DJ: Collaborative work is by far my preferred method of commissioning new composition. The music becomes much more personalized and special when the performer has a voice in the process. I also prefer pieces that are written for a specific person and not just for their instrument. I started to make this differentiation when I began improvising seriously. With improvised music, you are playing and interacting with individuals, not just the instrument in their hands. When that idea is applied to composition, creating material beyond the instrument itself and looking to the artist's creative voice, you are opening up much more potential and possibilities. To give an example in my own work: I will be releasing a solo album this Fall called Carve, which features four newly commissioned works for bassoon and electronics by Sam Pluta, Paula Matthusen, Peter V. Swendsen, and Kyle Bruckmann. When I started the project, I wanted to commission pieces not only for bassoon and electronics, but works that incorporate improvisation. More specifically, pieces that incorporate my own language and style as an improviser. The composers took this idea and applied it to their own compositional aesthetics. For each composer, the starting point of the pieces was improvisation- meeting and playing together, recording those sessions, then asking questions, experimenting with ideas and sounds, and pretty soon a composition begins to take shape. As a performer, the challenge was to interpret and improvise in a way that was true to my own language while maintaining the style of the composer's music, all of whom have very different sound worlds. For this particular album, I am also including short acoustic improvisations between each of the tracks that serve as interludes which connect the pieces back to the initial starting point: improvisation.
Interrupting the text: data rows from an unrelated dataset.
(* Fix integers $k\ge 3$ and $r\ge 1$. For $n\ge 0$ let $d_n$ be the number of words on $[n]^r$ that avoid both $1234$ and $1k(k-1)\cdots 2$. Then the sequence $(d_n)_{n\ge0}$ satisfies a linear recurrence with constant coefficients; equivalently, $\sum_{n\ge 0} d_n x^n$ is a rational function of $x$.
   Context: A word on $[n]^r$ is a word in which each letter $1,2,\dots,n$ appears exactly $r$ times and no other letter appears (for $r=1$ these are the permutations of $[n]$). A word $w_1\cdots w_m$ contains a pattern $p_1\cdots p_k$ if there are indices $i_1<\dots<i_k$ such that for all $r,s$: $w_{i_r}<w_{i_s}\iff p_r<p_s$ and $w_{i_r}>w_{i_s}\iff p_r>p_s$; otherwise it avoids it. The pattern $1k(k-1)\cdots 2$ is $1$ followed by $k,k-1,\dots,2$. *)

theory Defs
  imports Complex_Main
begin

definition words :: "nat \<Rightarrow> nat \<Rightarrow> nat list set" where
  "words n r = {w. set w \<subseteq> {1..n} \<and> (\<forall>i\<in>{1..n}. count_list w i = r)}"

definition contains :: "nat list \<Rightarrow> nat list \<Rightarrow> bool" where
  "contains w p \<longleftrightarrow> (\<exists>f :: nat \<Rightarrow> nat.
      strict_mono_on {0..<length p} f \<and> (\<forall>j<length p. f j < length w) \<and>
      (\<forall>a<length p. \<forall>b<length p.
          (w ! f a < w ! f b \<longleftrightarrow> p ! a < p ! b) \<and>
          (w ! f a > w ! f b \<longleftrightarrow> p ! a > p ! b)))"

definition avoids :: "nat list \<Rightarrow> nat list \<Rightarrow> bool" where
  "avoids w p \<longleftrightarrow> \<not> contains w p"

definition pat1k :: "nat \<Rightarrow> nat list" where
  "pat1k k = 1 # rev [2..<k+1]"

definition d :: "nat \<Rightarrow> nat \<Rightarrow> nat \<Rightarrow> nat" where
  "d k r n = card {w \<in> words n r. avoids w [1,2,3,4] \<and> avoids w (pat1k k)}"

end

theory Submission
  imports Defs "HOL-Library.Sublist"
begin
PSF: Composing from improvisations would seem to get to the heart of things in a way. Improvisation discloses something fundamental about the improviser--not only his or her store of perhaps latent musical skills and idiolect, but something more, say, a primary choice of his- or herself through sound at a given moment.
DJ: This is definitely true in my case. Improvisation is one of the primary forms of expression for me and it seems only natural to initiate collaborative work with composers through improvisations. I used to separate my musical worlds: improvisation and interpretation (classical and contemporary classical notated music) used to be two different hats that I wore. But, it is difficult to lead a musical double life and so I began to find ways to connect my worlds. This project, in particular, is a direct result of that work.
PSF: Some people might see improvisation and composition, or improvisation and interpretation, as opposites, but seen from another perspective they might appear complementary instead. As two moments in a series of reciprocal musical choices expressing an underlying sensibility, perhaps.
DJ: I view improvisation, composition, and interpretation as complementary entities. Each supports and informs the other. For many musicians, our formal training often separates composition and interpretation from improvisation. As a classically-trained bassoonist, improvisation was simply not part of the conversation. I was fortunate to discover a few high level improvised performances early on that fueled my curiosity for the genre. Improvisation is a difficult term to define, but ‘instant composition' has been a good descriptor that gets to the heart of what an improviser is doing. Improvisation played an essential role in discovering my artistic language, and from there the connections with composition and interpretation became very clear.